I commend you for your efforts prior to diagnosis; however, that doesn't answer the questions I posed to you.

Ignore this, please. I did not scroll back far enough!

GrendelQ

That's true, and I agree, to clarify: to me, music isn't a need, like love and care and education. Spoken English isn't a need, but language developed early is. I do value music and language, though, and want to expose her to these things so that later she'll have the foundation to continue playing music or discard it, knowing it was her choice, to continue to be part of the Deaf community or leave it, to speak English or not. These are some of the opportunities I want to place in front of her. With more time and resources on my part and continued interest on her part, I'd lay down a whole lot more than I am doing, so believe me, though I'm trying as hard as I can, I'm not congratulating myself on opening these few opportunities, there's a whole lot more we need to do now and throughout her life. (This morning, someone said to me, 'you mean you haven't started her in gymnastics yet?' with a look of horror. )

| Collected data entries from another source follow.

(* Let $g$ be a meromorphic function on the Riemann sphere $\mathbb{C}\cup\{\infty\}$, with $|g|\not\equiv 1$, whose set of distinct poles is $\{p_1,\dots,p_n\}$. Then there exists a holomorphic $1$-form $\omega$ on $M=\mathbb{C}\cup\{\infty\}\setminus\{p_1,\dots,p_n\}$ such that $(g,\omega)$ is the Weierstrass data of a maximal map $X:M\to\mathbb{E}^3_1$ all of whose $n$ ends $p_1,\dots,p_n$ are complete. In other words, there is a complete maximal map with $n$ complete ends whose Gauss map is $g$.
   Context: $\mathbb{E}^3_1$ denotes $\mathbb{R}^3$ with the Lorentzian metric $dx^2+dy^2-dz^2$. Weierstrass data and maximal maps: let $M$ be a Riemann surface, $g$ a meromorphic function on $M$ and $\omega$ a holomorphic $1$-form on $M$ such that (i) whenever $p$ is a pole of $g$ of order $k$, $\omega$ has a zero of order at least $2k$ at $p$; (ii) $|g|\not\equiv 1$; (iii) $\mathrm{Re}\oint_\gamma\big((1+g^2)\omega,\ i(1-g^2)\omega,\ -2g\omega\big)=0$ for every closed loop $\gamma$ in $M$ (the period condition). The maximal map with Weierstrass data $(g,\omega)$ is $X(p)=\mathrm{Re}\int_{p_0}^{p}\big((1+g^2)\omega,\ i(1-g^2)\omega,\ -2g\omega\big)$, and $g$ is called its Gauss map. Its induced metric is $ds^2=(1-|g|^2)^2|\omega|^2$. The singularity set is $\{p\in M:|g(p)|=1\}$ and the branch points are the zeros of $\omega$. A maximal map defined on $\overline{M}\setminus\{p_1,\dots,p_n\}$ ($\overline{M}$ compact) is called complete (and the $p_i$ are called complete ends) if $g$ and $\omega$ extend meromorphically to each $p_i$, $|g(p_i)|\neq 1$ for all $i$, and the metric $ds^2$ is complete at each end $p_i$. *)

theory Defs
  imports "HOL-Complex_Analysis.Complex_Analysis" "HOL-Probability.Probability"
begin

text \<open>The Riemann sphere is modelled by the affine chart z (points of the complex
plane) together with the point at infinity, handled through the chart w = 1/z.
A meromorphic function on the sphere is a function g :: complex => complex which is
meromorphic on the whole plane, holomorphic (analytic) away from its poles, and
meromorphic at infinity, i.e. w |-> g(1/w) is meromorphic at w = 0.
Values of g at its poles are irrelevant junk.\<close>

definition pole_at_inf :: "(complex \<Rightarrow> complex) \<Rightarrow> bool" where
  "pole_at_inf g \<longleftrightarrow> is_pole (\<lambda>w. g (inverse w)) 0"

definition meromorphic_on_sphere :: "(complex \<Rightarrow> complex) \<Rightarrow> bool" where
  "meromorphic_on_sphere g \<longleftrightarrow>
     g meromorphic_on UNIV \<and> g analytic_on {z. \<not> is_pole g z} \<and>
     (\<lambda>w. g (inverse w)) meromorphic_on {0}"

And if Li-Li exhibited no interest or ability in music , that would be just fine (I wouldn't tie her down and force her to listen to Mozart throughout the night as I might 'force' her to eat vegetables by putting them on her plate every day and slipping them into smoothies). I myself have no musical aptitude, though I was provided every opportunity to develop it. That's what I want to give her: many opportunities so she can choose her own way, lot's of guidance where decisions can't be left to toddler judgment (those greens she hates to eat). If she decides not to use her CIs, or something happens and they become unusable, she'll never have a language gap. If she does not want ASL in her life, she'll have a choice to use spoken English. But right now, we're making those judgment calls and she's getting ASL immersion AND we're developing her access to sound and spoken language.

Believe me, just as I'd never shove veggies down the throat of a crying child, if she exhibited pain or distress, I'd not make her wear CIs, or use ASL, or play the piano. She truly loves all of these things (well, not the veggies).